> _DIRECTIONS_: Filter the listing down to the lines containing the word "dots".
%%
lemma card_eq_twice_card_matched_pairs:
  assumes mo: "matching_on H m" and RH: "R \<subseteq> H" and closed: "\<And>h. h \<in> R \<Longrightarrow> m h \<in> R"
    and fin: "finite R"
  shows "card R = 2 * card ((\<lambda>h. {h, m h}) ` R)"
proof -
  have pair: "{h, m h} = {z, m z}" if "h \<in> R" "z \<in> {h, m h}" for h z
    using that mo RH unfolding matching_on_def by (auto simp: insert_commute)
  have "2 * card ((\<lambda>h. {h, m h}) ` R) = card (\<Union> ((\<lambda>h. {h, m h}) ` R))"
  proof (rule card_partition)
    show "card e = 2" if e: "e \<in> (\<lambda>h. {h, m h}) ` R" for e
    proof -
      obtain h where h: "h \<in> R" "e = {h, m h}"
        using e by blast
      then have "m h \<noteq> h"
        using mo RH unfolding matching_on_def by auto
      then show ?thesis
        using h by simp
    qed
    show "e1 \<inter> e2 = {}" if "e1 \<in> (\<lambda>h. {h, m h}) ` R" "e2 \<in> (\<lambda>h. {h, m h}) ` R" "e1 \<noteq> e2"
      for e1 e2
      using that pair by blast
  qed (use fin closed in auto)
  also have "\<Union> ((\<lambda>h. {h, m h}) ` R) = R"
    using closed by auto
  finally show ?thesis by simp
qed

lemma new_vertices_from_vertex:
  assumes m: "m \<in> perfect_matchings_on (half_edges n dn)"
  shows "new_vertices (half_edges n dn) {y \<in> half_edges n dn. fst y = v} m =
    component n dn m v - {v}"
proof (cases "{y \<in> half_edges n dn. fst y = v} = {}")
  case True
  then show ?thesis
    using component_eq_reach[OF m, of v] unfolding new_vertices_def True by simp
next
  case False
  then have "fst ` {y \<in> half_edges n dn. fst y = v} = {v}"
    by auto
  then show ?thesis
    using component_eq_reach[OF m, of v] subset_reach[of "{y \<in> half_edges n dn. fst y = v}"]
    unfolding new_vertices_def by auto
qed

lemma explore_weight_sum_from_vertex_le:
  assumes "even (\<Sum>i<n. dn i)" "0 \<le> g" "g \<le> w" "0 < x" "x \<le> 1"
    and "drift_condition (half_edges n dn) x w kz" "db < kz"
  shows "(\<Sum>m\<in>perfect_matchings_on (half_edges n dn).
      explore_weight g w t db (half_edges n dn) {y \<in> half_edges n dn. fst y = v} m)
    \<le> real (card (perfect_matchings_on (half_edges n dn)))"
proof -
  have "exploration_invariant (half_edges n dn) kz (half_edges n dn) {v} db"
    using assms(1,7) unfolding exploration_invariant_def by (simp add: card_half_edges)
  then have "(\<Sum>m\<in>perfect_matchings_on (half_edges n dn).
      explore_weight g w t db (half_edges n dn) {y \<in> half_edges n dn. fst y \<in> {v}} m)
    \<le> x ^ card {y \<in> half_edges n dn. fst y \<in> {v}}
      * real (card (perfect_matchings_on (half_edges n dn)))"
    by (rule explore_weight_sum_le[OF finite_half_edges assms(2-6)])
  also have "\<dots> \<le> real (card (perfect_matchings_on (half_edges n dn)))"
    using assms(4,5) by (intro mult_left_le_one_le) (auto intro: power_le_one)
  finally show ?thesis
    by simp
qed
%%
%%
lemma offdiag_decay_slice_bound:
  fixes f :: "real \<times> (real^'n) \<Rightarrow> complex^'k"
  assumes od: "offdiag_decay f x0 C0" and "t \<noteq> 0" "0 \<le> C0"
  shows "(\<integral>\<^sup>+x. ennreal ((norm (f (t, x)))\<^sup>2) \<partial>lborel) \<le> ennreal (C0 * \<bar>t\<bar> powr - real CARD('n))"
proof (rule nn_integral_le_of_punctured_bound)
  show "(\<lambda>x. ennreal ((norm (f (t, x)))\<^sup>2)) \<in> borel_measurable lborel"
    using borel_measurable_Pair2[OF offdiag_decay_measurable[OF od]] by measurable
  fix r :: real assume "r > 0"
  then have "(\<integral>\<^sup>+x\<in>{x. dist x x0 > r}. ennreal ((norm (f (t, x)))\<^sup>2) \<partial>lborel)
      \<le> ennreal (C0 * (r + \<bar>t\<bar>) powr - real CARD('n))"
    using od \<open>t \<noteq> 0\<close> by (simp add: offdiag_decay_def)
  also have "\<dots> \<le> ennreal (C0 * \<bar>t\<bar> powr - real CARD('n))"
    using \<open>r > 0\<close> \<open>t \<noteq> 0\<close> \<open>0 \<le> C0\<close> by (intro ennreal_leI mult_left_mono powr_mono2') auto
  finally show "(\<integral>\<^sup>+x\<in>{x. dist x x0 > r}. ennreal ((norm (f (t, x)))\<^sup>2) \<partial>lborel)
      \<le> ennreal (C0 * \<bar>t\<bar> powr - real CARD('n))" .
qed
%%
> _RESPONSE_:
  also have "\<dots> \<le> real (card (perfect_matchings_on (half_edges n dn)))"
  also have "\<dots> \<le> ennreal (C0 * \<bar>t\<bar> powr - real CARD('n))"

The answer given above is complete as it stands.